Whenever a line in the entries below contains "False", copy that line.

┏━━

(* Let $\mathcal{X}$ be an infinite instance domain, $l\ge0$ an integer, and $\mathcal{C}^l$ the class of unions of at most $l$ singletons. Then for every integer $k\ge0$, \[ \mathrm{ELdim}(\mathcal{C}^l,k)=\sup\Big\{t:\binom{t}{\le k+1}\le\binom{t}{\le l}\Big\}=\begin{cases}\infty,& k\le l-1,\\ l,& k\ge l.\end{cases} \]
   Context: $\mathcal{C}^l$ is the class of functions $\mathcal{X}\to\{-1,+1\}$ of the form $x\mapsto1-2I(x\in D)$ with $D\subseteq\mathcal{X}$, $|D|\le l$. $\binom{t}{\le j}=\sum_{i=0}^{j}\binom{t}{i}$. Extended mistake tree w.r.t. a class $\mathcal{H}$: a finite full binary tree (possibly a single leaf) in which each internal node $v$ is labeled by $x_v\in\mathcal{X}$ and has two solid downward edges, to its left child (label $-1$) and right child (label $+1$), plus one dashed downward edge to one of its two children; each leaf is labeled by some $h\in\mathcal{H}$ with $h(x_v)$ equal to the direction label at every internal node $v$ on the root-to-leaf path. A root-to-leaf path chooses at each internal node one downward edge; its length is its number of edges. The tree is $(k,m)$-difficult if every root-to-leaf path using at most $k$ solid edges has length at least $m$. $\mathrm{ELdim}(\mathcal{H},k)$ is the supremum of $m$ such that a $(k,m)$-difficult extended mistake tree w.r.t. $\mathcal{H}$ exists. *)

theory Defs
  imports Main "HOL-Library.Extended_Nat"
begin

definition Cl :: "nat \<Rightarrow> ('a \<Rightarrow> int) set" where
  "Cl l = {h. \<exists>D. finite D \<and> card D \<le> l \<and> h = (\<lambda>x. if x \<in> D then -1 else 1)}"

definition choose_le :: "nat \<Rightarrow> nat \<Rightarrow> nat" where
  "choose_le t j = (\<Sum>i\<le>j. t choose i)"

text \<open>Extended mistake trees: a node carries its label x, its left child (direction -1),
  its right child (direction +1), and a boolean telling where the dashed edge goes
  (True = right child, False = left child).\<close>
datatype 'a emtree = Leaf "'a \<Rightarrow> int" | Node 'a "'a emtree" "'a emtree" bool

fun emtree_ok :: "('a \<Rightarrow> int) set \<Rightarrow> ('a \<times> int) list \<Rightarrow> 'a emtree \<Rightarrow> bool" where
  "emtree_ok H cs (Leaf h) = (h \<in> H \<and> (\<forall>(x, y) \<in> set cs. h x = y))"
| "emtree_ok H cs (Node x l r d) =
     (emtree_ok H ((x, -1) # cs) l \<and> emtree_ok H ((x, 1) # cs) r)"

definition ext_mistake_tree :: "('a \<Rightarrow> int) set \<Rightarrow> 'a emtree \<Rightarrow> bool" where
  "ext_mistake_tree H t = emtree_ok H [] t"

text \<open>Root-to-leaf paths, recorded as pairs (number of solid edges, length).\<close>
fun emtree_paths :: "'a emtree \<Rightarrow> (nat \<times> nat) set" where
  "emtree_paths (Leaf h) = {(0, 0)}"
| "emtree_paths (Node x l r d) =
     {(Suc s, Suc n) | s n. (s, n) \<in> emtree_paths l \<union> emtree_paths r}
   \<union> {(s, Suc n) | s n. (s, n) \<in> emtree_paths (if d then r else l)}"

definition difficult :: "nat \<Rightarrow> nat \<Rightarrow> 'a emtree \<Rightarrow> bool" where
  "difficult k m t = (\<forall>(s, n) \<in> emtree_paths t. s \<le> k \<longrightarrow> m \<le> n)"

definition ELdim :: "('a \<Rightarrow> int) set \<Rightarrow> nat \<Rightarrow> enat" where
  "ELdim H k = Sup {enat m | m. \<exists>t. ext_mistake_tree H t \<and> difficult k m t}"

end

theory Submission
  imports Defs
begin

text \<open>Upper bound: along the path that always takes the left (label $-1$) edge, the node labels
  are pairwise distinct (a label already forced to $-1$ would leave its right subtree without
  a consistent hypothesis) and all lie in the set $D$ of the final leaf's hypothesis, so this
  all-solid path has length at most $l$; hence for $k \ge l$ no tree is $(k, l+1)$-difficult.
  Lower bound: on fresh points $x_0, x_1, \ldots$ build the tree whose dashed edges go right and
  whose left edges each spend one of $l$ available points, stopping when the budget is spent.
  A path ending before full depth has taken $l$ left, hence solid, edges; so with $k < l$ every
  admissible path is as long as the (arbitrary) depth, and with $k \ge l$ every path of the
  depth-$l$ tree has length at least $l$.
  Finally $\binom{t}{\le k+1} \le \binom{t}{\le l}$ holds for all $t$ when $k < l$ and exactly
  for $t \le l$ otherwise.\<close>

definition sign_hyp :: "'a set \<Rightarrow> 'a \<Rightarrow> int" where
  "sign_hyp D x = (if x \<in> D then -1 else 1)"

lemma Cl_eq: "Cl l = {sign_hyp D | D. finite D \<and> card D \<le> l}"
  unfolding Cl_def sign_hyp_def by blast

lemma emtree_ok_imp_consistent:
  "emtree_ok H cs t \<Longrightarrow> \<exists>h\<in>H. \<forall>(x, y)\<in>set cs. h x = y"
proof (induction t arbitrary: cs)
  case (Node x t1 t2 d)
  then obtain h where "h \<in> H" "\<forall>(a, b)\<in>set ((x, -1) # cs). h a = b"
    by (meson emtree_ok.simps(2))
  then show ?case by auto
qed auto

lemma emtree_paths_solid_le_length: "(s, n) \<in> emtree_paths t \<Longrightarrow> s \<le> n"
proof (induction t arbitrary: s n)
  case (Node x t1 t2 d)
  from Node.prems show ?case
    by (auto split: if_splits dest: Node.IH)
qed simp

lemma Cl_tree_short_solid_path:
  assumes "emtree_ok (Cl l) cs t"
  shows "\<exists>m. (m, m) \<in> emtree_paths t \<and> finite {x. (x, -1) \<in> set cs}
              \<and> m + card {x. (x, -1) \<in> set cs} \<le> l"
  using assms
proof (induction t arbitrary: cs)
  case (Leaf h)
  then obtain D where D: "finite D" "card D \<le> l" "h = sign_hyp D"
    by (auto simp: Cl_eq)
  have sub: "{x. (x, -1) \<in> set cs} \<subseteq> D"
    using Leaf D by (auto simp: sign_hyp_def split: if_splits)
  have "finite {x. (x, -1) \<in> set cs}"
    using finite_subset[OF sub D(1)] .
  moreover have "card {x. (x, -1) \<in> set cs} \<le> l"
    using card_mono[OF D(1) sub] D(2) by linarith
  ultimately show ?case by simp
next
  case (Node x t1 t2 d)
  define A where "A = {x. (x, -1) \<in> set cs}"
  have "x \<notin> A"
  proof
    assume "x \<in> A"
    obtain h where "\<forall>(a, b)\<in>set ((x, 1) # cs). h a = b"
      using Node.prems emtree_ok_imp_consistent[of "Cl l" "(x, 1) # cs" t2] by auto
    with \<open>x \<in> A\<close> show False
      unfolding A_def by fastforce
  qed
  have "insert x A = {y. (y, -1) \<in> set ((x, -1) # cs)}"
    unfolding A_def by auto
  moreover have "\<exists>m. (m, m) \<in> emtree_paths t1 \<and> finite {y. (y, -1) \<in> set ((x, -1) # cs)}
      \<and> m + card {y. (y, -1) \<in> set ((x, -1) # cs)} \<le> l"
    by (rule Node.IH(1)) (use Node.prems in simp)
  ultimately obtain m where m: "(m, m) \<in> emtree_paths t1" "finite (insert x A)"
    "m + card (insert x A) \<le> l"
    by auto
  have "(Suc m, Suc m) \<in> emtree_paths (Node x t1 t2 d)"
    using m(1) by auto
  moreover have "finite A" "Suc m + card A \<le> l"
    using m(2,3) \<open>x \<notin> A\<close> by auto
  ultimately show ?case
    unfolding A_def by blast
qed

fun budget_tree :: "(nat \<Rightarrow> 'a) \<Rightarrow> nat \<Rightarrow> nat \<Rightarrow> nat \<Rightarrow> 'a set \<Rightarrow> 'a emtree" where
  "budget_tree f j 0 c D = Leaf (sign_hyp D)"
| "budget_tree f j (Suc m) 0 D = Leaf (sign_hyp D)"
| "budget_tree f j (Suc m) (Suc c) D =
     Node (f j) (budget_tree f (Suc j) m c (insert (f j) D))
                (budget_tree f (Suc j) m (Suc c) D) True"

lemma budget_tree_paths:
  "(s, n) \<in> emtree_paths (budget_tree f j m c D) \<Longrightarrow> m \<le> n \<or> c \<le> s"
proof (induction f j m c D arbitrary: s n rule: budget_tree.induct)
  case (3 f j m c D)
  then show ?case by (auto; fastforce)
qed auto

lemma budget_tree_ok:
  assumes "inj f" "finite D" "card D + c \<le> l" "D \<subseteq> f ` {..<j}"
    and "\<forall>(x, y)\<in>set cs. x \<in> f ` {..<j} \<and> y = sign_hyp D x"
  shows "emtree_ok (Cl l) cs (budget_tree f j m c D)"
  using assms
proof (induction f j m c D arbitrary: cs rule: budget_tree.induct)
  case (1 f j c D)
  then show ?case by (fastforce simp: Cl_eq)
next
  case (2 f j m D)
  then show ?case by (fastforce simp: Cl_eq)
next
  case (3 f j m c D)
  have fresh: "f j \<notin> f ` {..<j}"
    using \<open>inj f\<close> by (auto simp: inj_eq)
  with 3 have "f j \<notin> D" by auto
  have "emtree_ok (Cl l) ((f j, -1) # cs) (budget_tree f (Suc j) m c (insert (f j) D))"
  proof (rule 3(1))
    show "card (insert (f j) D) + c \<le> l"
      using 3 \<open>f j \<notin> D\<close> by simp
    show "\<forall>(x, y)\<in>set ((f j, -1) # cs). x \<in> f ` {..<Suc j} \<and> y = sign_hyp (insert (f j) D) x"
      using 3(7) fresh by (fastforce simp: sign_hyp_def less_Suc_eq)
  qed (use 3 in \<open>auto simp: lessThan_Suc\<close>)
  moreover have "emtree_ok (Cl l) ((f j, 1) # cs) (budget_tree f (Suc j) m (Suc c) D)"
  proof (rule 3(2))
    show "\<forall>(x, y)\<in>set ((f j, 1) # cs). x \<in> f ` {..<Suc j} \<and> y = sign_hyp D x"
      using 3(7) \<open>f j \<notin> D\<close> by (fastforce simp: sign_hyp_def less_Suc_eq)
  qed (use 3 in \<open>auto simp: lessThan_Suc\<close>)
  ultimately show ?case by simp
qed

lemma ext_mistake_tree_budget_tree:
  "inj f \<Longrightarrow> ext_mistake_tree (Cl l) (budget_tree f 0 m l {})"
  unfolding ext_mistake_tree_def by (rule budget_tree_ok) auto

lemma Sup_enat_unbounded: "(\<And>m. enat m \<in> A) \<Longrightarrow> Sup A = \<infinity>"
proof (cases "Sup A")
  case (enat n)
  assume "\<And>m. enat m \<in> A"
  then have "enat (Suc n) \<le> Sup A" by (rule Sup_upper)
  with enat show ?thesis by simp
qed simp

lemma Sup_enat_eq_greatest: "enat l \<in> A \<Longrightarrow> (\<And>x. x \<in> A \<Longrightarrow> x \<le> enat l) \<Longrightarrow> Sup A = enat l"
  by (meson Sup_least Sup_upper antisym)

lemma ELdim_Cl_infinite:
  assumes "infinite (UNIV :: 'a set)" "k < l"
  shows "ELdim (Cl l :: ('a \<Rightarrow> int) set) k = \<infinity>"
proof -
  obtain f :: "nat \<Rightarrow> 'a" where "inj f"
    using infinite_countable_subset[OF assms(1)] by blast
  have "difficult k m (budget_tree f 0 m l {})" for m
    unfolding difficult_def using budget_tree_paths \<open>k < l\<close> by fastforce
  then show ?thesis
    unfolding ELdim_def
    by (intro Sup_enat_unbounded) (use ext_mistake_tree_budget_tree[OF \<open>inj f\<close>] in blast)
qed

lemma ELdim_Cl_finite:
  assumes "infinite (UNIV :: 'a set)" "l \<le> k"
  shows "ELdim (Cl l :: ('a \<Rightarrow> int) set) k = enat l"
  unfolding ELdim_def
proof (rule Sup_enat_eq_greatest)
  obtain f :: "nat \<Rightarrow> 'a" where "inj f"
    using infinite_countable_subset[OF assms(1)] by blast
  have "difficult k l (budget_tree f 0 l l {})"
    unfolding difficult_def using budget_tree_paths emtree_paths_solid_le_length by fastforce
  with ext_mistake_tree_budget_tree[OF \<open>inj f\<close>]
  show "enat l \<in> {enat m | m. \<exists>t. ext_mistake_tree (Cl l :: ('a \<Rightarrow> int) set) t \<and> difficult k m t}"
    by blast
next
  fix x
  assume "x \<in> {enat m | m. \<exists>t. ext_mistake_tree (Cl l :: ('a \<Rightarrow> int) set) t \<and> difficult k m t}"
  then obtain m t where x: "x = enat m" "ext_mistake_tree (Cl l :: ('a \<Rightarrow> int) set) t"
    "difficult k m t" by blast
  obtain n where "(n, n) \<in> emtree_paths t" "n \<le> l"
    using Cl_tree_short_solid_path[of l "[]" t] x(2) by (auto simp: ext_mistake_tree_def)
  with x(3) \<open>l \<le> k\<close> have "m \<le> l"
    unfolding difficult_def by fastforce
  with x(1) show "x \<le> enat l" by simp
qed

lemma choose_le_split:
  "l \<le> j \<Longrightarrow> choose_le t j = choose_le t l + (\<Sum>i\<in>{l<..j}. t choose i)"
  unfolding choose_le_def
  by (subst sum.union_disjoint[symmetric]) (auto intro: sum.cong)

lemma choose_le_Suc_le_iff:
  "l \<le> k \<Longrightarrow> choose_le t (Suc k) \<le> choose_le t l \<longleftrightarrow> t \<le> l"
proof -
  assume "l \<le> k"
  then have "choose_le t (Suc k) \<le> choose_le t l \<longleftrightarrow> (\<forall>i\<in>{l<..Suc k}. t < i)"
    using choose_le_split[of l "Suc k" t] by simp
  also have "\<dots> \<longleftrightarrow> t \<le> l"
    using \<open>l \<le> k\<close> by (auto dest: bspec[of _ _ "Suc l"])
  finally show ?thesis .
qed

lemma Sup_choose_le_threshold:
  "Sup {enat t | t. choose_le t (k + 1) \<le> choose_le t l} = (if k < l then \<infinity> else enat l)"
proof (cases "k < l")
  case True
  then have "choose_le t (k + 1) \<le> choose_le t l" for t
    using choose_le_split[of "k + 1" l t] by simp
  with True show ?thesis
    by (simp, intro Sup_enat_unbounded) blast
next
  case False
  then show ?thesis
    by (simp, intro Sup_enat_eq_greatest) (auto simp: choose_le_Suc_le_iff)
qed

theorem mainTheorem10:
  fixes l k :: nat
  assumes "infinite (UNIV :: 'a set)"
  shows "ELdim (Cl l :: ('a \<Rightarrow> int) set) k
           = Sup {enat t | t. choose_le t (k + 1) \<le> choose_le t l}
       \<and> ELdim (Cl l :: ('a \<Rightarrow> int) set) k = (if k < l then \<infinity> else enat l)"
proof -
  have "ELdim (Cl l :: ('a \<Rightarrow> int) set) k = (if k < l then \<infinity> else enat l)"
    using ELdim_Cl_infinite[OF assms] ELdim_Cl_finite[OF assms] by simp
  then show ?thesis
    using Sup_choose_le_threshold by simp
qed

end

┗━━
┏━━

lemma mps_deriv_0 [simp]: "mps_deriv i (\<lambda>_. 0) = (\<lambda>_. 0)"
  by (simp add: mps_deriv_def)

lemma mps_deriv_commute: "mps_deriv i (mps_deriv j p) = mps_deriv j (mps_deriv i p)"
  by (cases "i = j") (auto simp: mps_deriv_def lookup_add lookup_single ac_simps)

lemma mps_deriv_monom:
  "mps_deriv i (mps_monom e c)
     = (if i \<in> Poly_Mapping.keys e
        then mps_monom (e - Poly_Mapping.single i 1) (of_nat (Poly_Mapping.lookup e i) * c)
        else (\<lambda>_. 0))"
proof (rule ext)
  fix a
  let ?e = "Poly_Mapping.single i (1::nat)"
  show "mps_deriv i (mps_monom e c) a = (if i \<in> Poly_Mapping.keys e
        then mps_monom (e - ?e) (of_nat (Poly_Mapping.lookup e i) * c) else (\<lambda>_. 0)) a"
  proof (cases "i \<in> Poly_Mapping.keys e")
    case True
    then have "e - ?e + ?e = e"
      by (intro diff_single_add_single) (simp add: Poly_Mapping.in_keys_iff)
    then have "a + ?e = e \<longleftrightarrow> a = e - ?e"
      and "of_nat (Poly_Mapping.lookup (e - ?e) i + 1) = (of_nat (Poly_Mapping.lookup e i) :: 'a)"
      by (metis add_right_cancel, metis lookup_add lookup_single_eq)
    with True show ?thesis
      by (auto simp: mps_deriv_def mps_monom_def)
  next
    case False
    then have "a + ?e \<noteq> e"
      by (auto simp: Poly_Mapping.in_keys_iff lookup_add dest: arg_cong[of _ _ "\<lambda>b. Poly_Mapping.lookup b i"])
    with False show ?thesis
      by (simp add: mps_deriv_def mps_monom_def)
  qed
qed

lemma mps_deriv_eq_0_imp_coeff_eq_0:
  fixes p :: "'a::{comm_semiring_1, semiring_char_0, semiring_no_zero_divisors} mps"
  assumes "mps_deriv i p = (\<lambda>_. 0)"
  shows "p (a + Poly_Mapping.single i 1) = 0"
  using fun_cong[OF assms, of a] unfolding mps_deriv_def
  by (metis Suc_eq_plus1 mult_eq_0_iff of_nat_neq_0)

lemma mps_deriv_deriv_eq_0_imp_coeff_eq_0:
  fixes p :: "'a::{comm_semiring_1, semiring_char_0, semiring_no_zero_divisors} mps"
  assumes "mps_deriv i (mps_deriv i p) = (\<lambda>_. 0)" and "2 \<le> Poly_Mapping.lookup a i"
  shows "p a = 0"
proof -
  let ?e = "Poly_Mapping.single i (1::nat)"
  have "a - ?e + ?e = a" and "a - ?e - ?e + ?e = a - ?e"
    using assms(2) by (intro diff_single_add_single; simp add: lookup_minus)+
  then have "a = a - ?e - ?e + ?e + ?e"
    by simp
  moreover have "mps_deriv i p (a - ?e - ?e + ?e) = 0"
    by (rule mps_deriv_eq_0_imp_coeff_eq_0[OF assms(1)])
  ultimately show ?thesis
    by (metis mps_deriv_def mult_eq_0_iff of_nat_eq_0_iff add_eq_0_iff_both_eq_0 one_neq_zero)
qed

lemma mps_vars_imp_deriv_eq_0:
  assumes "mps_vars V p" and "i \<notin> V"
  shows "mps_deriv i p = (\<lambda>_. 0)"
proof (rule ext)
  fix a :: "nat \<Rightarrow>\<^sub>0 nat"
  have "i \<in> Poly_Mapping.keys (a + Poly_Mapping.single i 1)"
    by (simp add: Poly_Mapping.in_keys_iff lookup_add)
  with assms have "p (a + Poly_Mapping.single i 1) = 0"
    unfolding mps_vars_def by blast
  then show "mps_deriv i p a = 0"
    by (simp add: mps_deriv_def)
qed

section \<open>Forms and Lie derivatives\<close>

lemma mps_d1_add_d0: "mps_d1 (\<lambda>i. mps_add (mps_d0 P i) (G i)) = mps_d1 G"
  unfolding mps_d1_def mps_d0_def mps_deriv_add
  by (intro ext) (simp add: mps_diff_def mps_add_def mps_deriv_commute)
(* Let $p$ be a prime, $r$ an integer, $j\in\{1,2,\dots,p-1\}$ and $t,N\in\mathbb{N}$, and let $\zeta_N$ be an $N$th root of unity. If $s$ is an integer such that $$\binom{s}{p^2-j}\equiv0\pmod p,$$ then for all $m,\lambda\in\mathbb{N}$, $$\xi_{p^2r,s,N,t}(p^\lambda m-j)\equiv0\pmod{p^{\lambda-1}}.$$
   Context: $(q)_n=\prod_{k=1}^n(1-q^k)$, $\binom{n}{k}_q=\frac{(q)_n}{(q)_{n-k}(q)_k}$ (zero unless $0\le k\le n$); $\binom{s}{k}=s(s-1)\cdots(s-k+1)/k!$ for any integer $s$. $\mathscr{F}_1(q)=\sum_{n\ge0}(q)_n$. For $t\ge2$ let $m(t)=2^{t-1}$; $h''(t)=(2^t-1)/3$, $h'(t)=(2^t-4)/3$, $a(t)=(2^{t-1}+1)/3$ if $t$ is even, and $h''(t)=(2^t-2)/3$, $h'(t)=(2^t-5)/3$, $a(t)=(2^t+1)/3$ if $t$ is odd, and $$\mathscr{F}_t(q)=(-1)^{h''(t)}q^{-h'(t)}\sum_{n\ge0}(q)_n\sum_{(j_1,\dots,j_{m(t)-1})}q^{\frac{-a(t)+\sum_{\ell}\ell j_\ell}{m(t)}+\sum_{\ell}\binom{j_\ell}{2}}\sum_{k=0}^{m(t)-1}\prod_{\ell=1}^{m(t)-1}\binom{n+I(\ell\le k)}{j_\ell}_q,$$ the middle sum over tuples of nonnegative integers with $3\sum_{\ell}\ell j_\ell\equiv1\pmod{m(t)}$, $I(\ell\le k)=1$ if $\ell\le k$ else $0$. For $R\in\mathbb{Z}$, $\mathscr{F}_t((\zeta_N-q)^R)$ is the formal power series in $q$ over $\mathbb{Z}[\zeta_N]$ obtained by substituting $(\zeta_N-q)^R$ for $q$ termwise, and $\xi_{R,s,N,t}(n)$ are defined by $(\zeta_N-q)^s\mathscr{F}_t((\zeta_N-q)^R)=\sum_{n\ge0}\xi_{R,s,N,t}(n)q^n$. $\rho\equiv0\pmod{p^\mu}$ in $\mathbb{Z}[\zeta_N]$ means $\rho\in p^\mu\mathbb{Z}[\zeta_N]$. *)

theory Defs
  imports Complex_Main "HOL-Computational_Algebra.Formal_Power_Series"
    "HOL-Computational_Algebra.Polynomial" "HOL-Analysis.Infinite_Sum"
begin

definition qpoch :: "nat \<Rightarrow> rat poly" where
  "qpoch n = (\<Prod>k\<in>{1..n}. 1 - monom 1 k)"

┗━━
┏━━

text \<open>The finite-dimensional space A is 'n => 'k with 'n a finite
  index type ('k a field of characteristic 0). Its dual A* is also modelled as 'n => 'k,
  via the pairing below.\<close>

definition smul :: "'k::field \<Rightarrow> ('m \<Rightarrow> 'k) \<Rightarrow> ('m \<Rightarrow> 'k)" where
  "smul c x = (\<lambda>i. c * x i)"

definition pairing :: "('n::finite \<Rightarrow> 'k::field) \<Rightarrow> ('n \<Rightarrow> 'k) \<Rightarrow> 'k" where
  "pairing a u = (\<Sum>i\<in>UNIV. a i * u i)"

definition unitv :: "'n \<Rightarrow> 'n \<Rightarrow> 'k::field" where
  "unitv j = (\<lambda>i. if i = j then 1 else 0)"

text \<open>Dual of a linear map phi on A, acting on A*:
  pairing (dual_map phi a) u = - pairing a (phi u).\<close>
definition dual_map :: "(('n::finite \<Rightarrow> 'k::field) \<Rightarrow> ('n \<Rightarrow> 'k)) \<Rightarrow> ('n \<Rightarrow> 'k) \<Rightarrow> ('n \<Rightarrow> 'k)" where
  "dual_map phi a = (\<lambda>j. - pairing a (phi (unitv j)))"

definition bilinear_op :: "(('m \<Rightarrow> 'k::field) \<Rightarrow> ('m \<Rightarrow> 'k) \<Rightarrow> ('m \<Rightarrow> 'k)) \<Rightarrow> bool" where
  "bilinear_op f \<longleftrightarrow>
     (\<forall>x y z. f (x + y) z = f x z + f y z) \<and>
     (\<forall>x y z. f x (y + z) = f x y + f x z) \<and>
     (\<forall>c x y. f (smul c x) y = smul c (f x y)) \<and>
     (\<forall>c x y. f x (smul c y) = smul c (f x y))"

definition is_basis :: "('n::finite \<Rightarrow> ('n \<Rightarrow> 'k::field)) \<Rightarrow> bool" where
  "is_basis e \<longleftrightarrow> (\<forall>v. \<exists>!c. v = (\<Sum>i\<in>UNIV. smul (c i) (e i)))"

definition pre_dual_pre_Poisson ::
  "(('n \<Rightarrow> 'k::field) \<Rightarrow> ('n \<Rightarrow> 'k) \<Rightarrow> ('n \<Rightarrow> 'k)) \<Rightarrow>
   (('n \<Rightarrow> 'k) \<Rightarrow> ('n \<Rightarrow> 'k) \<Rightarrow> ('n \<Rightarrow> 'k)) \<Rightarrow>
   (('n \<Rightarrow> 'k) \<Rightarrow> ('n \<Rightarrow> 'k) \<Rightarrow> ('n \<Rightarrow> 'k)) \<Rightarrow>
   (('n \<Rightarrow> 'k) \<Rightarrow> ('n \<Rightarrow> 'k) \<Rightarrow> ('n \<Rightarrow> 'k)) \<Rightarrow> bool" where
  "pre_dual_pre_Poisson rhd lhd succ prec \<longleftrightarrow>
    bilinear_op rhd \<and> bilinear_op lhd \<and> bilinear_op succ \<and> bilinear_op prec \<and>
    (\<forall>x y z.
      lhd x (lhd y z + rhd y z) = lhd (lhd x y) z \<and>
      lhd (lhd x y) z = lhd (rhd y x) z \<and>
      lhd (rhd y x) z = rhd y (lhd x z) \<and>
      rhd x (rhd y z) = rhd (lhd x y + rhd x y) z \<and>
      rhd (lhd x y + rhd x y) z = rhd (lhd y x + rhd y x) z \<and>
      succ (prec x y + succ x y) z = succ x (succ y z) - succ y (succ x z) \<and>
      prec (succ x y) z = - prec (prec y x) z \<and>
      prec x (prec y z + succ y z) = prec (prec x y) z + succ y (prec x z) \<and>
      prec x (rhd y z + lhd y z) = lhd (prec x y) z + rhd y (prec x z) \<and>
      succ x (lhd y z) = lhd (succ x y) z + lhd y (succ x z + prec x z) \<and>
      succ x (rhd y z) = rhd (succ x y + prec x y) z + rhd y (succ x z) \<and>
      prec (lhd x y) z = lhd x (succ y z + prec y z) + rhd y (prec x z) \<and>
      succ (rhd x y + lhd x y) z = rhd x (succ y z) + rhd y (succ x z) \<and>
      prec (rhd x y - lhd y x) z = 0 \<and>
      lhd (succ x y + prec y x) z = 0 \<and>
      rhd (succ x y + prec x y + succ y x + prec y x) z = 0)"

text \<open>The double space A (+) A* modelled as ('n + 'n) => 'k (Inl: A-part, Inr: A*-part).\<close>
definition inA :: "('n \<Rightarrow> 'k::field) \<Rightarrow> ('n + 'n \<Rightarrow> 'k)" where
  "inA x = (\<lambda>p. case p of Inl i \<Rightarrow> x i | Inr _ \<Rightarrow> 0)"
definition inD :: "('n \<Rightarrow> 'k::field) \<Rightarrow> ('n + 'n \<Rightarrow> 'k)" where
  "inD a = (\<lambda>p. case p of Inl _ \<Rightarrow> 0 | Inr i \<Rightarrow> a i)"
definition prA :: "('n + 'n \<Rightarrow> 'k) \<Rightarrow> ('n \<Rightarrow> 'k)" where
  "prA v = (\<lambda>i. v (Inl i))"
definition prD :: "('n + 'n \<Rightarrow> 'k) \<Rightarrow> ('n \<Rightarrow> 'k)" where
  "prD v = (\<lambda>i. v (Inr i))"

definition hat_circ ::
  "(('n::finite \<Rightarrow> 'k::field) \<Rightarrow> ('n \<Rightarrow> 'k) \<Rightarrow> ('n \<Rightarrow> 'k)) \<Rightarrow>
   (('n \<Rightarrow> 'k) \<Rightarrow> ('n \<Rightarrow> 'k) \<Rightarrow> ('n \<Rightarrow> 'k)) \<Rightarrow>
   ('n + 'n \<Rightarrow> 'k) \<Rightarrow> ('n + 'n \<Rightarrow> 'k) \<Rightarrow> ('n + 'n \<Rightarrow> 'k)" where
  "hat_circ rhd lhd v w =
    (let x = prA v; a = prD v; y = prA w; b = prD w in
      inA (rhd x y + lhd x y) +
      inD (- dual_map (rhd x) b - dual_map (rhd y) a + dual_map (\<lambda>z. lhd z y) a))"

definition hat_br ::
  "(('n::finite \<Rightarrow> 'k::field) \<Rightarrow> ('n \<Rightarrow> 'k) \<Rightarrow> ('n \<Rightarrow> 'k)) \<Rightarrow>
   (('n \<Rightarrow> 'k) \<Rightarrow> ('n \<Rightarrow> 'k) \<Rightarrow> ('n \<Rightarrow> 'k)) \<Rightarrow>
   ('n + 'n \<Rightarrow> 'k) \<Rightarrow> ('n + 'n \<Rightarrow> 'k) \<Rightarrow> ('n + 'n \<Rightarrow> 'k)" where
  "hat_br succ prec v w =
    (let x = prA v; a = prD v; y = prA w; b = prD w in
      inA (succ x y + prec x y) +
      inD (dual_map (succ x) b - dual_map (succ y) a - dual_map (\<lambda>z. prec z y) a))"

┗━━

> Solution for this task:
  (True = right child, False = left child).\<close>
    with \<open>x \<in> A\<close> show False
  case False
    case False
    with False show ?thesis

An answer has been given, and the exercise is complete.